= Tim Chartier =

American mathematician (born 1969)

Timothy P. Chartier (born 1969) is an American mathematician known for his expertise in sports analytics and bracketology, for his popular mathematics books, and for the "mime-matics" shows combining mime and mathematics that he and his wife Tanya have staged.

He is Joseph R. Morton Professor of Mathematics and Computer Science at Davidson College. The National Museum of Mathematics announced him as 2022-23 Distinguished Visiting Professor for the Public Dissemination of Mathematics, in June 2021.

==Education and career==
Chartier majored in applied mathematics at Western Michigan University, graduating in 1993, and stayed at Western Michigan for a master's degree in computational mathematics in 1996. He completed a PhD at the University of Colorado Boulder in 2001, with the dissertation Algebraic Multigrid Based on Element Interpolation (AMGe) and Spectral AMGe supervised by Steve McCormick.

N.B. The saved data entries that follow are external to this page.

lemma inj_on_recolour_later:
  fixes idx :: "'a \<Rightarrow> nat"
  assumes V: "finite V" and G: "simple_graph V E" and idx: "inj_on idx V" and N: "avoids01 N"
  shows "inj_on (recolour_later idx V) (colorings V E (adjoin01 N 2 0) \<union> colorings V E (adjoin01 N 0 2))"
proof (rule inj_onI)
  let ?r = "recolour_later idx V"
  fix \<kappa>1 \<kappa>2
  assume \<kappa>12: "\<kappa>1 \<in> colorings V E (adjoin01 N 2 0) \<union> colorings V E (adjoin01 N 0 2)"
    "\<kappa>2 \<in> colorings V E (adjoin01 N 2 0) \<union> colorings V E (adjoin01 N 0 2)"
    and eq: "?r \<kappa>1 = ?r \<kappa>2"
  obtain p1 q1 where 1: "idx p1 < idx q1" "{x\<in>V. ?r \<kappa>1 x \<le> 1} = {p1, q1}"
    "\<kappa>1 = (?r \<kappa>1)(q1 := ?r \<kappa>1 p1)"
    using recolour_later_doubled_adjoin01[OF V G idx N \<kappa>12(1)] by blast
  obtain p2 q2 where 2: "idx p2 < idx q2" "{x\<in>V. ?r \<kappa>2 x \<le> 1} = {p2, q2}"
    "\<kappa>2 = (?r \<kappa>2)(q2 := ?r \<kappa>2 p2)"
    using recolour_later_doubled_adjoin01[OF V G idx N \<kappa>12(2)] by blast
  have "{p1, q1} = {p2, q2}"
    using 1(2) 2(2) eq by simp
  then have "p1 = p2" "q1 = q2"
    using 1(1) 2(1) by (auto simp: doubleton_eq_iff)
  then show "\<kappa>1 = \<kappa>2"
    using 1(3) 2(3) eq by simp
qed

lemma card_colorings_doubled_less:
  assumes V: "finite V" and G: "simple_graph V E" and uv: "{u, v} \<in> E" and N: "avoids01 N"
    and \<kappa>0: "\<kappa>0 \<in> colorings V E (adjoin01 N 1 1)" "\<kappa>0 u = 0" "\<kappa>0 v = 1"
  shows "card (colorings V E (adjoin01 N 2 0)) + card (colorings V E (adjoin01 N 0 2))
    < card (colorings V E (adjoin01 N 1 1))"
proof -
  obtain idx :: "'a \<Rightarrow> nat" where idx: "inj_on idx V"
    using finite_imp_inj_to_nat_seg[OF V] by blast
  let ?r = "recolour_later idx V"
  let ?A = "colorings V E (adjoin01 N 2 0)" and ?B = "colorings V E (adjoin01 N 0 2)"
  let ?C = "colorings V E (adjoin01 N 1 1)"
  have image: "?r ` (?A \<union> ?B) \<subseteq> ?C - {\<kappa>0}"
  proof
    fix \<mu> assume "\<mu> \<in> ?r ` (?A \<union> ?B)"
    then obtain \<kappa> where \<kappa>: "\<kappa> \<in> ?A \<union> ?B" and \<mu>: "\<mu> = ?r \<kappa>"
      by blast
    obtain p q where pq: "idx p < idx q" "{x\<in>V. ?r \<kappa> x \<le> 1} = {p, q}"
      "\<kappa> = (?r \<kappa>)(q := ?r \<kappa> p)" "?r \<kappa> \<in> ?C"
      using recolour_later_doubled_adjoin01[OF V G idx N \<kappa>] by blast
    have "?r \<kappa> \<noteq> \<kappa>0"
    proof
      assume r: "?r \<kappa> = \<kappa>0"
      have "u \<in> {x\<in>V. \<kappa>0 x \<le> 1}" "v \<in> {x\<in>V. \<kappa>0 x \<le> 1}"
        using \<kappa>0(2,3) simple_graph_edge[OF G uv] by simp_all
      then have "u \<in> {p, q}" "v \<in> {p, q}"
        using pq(2) unfolding r by blast+
      moreover have "\<kappa> p = \<kappa> q"
        using pq(1,3) by (metis fun_upd_other fun_upd_same less_irrefl)
      ultimately have "\<kappa> u = \<kappa> v"
        by auto
      moreover have "proper_coloring V E \<kappa>"
        using \<kappa> by (auto simp: colorings_def)
      ultimately show False
        using uv simple_graph_edge[OF G uv] by (auto simp: proper_coloring_def)
    qed
    then show "\<mu> \<in> ?C - {\<kappa>0}"
      using pq(4) \<mu> by simp
  qed
  have "adjoin01 N 2 0 \<noteq> adjoin01 N 0 2"
  proof
    assume "adjoin01 N 2 0 = adjoin01 N 0 2"
    then have "count (adjoin01 N 2 0) 0 = count (adjoin01 N 0 2) 0"
      by simp
    then show False
      by (simp add: count_adjoin01)
  qed
  then have "?A \<inter> ?B = {}"
    by (auto simp: colorings_def)
  then have "card ?A + card ?B = card (?A \<union> ?B)"
    using finite_colorings[OF V] by (simp add: card_Un_disjoint)
  also have "\<dots> = card (?r ` (?A \<union> ?B))"
    using inj_on_recolour_later[OF V G idx N] by (simp add: card_image)
  also have "\<dots> \<le> card (?C - {\<kappa>0})"
    using image finite_colorings[OF V] by (simp add: card_mono)
  also have "\<dots> < card ?C"
    using finite_colorings[OF V] \<kappa>0(1) by (rule card_Diff1_less)
  finally show ?thesis .
qed

lemma bij_betw_nat_segment_fixing_two:
  assumes V: "finite V" and uv: "u \<in> V" "v \<in> V" "u \<noteq> v"
  obtains \<kappa> :: "'a \<Rightarrow> nat"
  where "\<kappa> \<in> V \<rightarrow>\<^sub>E UNIV" "bij_betw \<kappa> V {0..<card V}" "\<kappa> u = 0" "\<kappa> v = 1"
proof -
  let ?n = "card V"
  have "card {u, v} = 2" "{u, v} \<subseteq> V"
    using uv by auto
  then have n: "2 \<le> ?n" "card (V - {u, v}) = card {2..<?n}"
    using V card_mono[OF V \<open>{u, v} \<subseteq> V\<close>] by (auto simp: card_Diff_subset)
  then obtain h where h: "bij_betw h (V - {u, v}) {2..<?n}"
    using V finite_same_card_bij by blast
  have "bij_betw (\<lambda>x. if x = u then 0 else 1) {u, v} {0, 1::nat}"
    using uv by (auto simp: bij_betw_def)
  from bij_betw_disjoint_Un[OF this h]
  have "bij_betw (\<lambda>x. if x \<in> {u, v} then if x = u then 0 else 1 else h x)
      ({u, v} \<union> (V - {u, v})) ({0, 1} \<union> {2..<?n})"
    by auto
  moreover have "{u, v} \<union> (V - {u, v}) = V" "{0, 1} \<union> {2..<?n} = {0..<?n}"
    using uv n(1) by auto
  ultimately show ?thesis
    using uv
    by (intro that[of "restrict (\<lambda>x. if x \<in> {u, v} then if x = u then 0 else 1 else h x) V"])
      auto
qed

He has also studied mime, at the Centre du Silence in Colorado, at the Dell'Arte International School of Physical Theatre in California, and with Marcel Marceau.

After postdoctoral research at the University of Washington, he joined the Davidson College faculty in 2003. As well as his academic work, he is also a frequent consultant on sports analytics for ESPN, NASCAR, the National Basketball Association, and other groups.

==Books==
Chartier is the author of Math Bytes: Google Bombs, Chocolate-Covered Pi, and Other Cool Bits in Computing (2014), which won the Euler Book Prize in 2020, and of When Life is Linear: From Computer Graphics to Bracketology (2015), which won the Beckenbach Book Prize in 2017.

He is also the author of X Games In Mathematics: Sports Training That Counts! (2020) and the coauthor, with Anne Greenbaum, of Numerical Methods: Design, Analysis, and Computer Implementation of Algorithms (2012).